The class was designed with two 6-inch/100-pounder (81cwt) breech loaders and ten 5-inch/50-pounder (38cwt) breech loaders, plus a single light gun and four (or more) machine guns. Heroine, Hyacinth and Royalist were built with eight 6-inch/100-pounder (81cwt) breech loaders in place of the 5-inch/6-inch mixture, and Satellite was converted to the same fit.

==Ships==

| Name | Ship Builder | Launched | Fate |
|---|---|---|---|
| Satellite | Sheerness Dockyard | 13 August 1881 | RNVR drill ship at North Shields on the River Tyne in 1904. Sold to J G Potts for breaking on 21 October 1947 |
| Heroine | Devonport Dockyard | 3 December 1881 | Sold to King of Bristol for breaking on 28 August 1902 |
| Hyacinth | Devonport Dockyard | 20 December 1881 | Sold to King of Bristol for breaking on 25 August 1902 |
| Royalist | Devonport Dockyard | 7 March 1883 | Hulk in February 1900. Renamed Colleen on 1 December 1913 and transferred to the Irish Free State Government on 19 February 1923 |
| Rapid | Devonport Dockyard | 21 March 1883 | Hulk in 1906. Became a coal hulk in 1912 and was renamed C7. Became an accommodation ship in 1916 and was renamed Hart. Sold at Gibraltar in 1948 |
| Caroline | Sheerness Dockyard | 25 November 1882 | Hulk in 1897. Became a training ship in April 1908 and was renamed Ganges.

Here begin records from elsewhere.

lemma minimal_sol_has_generator_plan:
  assumes "\<forall>k<n. 1 \<le> a k" "\<forall>l<m. 1 \<le> b l" "minimal_sol n m a b x y"
  shows "\<exists>lam. is_generator_plan n m a b x y lam"
  using assms
proof (induction "\<Sum>k<n. x k * a k" arbitrary: n m a b x y rule: less_induct)
  case less
  note a_pos = less.prems(1) and b_pos = less.prems(2) and min = less.prems(3)
  from min have S: "in_S n m a b x y" and nonzero: "(x, y) \<noteq> ((\<lambda>_. 0), (\<lambda>_. 0))"
    unfolding minimal_sol_def by blast+
  obtain i where i: "i < n" "0 < x i" and a_max: "\<forall>k<n. 0 < x k \<longrightarrow> a k \<le> a i"
    using ex_greatest_on_support[OF in_S_nonzero_support[OF b_pos S nonzero]] by blast
  have "(y, x) \<noteq> ((\<lambda>_. 0), (\<lambda>_. 0))" using nonzero by auto
  from ex_greatest_on_support[OF in_S_nonzero_support[OF a_pos in_S_swap[THEN iffD1, OF S] this]]
  obtain j where j: "j < m" "0 < y j" and b_max: "\<forall>l<m. 0 < y l \<longrightarrow> b l \<le> b j"
    by blast
  have weight_eq: "(\<Sum>k<n. x k * a k) = (\<Sum>l<m. y l * b l)" using S by (simp add: in_S_def)
  consider "a i = b j" | "a i < b j" | "b j < a i" by linarith
  then show ?case
  proof cases
    case 1
    have "0 < b j" using b_pos j(1) by (simp add: Suc_le_eq)
    with is_generator_plan_unit[of i n j m a b] i(1) j(1) 1 show ?thesis
      unfolding minimal_sol_equal_coeffs[OF min i j 1] by blast
  next
    case 2
    have lighter: "(\<Sum>k<n. (x(i := x i - 1)) k * a k) < (\<Sum>k<n. x k * a k)"
      using weighted_sum_fun_upd_pred[of "{..<n}" i x a] i a_pos by (simp add: Suc_le_eq)
    have b'_pos: "\<forall>l<Suc m. 1 \<le> (b(m := b j - a i)) l"
      using b_pos 2 by (simp add: less_Suc_eq)
    from less.hyps[OF lighter a_pos b'_pos minimal_sol_split[OF min i j 2]]
    show ?thesis
      using is_generator_plan_unsplit[where a = a and b = b and x = x and y = y, OF i j 2 a_max]
      by blast
  next
    case 3
    have lighter: "(\<Sum>l<m. (y(j := y j - 1)) l * b l) < (\<Sum>k<n. x k * a k)"
      using weighted_sum_fun_upd_pred[of "{..<m}" j y b] j b_pos weight_eq by (simp add: Suc_le_eq)
    have a'_pos: "\<forall>k<Suc n. 1 \<le> (a(n := a i - b j)) k"
      using a_pos 3 by (simp add: less_Suc_eq)
    from less.hyps[OF lighter b_pos a'_pos
        minimal_sol_split[OF minimal_sol_swap[OF min] j i 3]]
    obtain lam where "is_generator_plan m n b a y x lam"
      using is_generator_plan_unsplit[where a = b and b = a and x = y and y = x, OF j i 3 b_max]
      by blast
    from is_generator_plan_swap[OF this] show ?thesis by blast
  qed
qed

Renamed Powerful III in September 1913 and Impregnable IV in November 1919. Sold on 31 August 1929 |
| Pylades | Sheerness Dockyard | 5 November 1884 | Sold to Cohen of Felixstowe for breaking on 3 April 1906. |

==Operational lives==

These ships were designed to patrol the far-flung reaches of Britain's maritime empire, and so Rapid and Royalist both went to the Australian Station, Satellite to the Pacific Station, Pylades to the North America and West Indies Station and Heroine, Caroline and Hyacinth all to the China Station.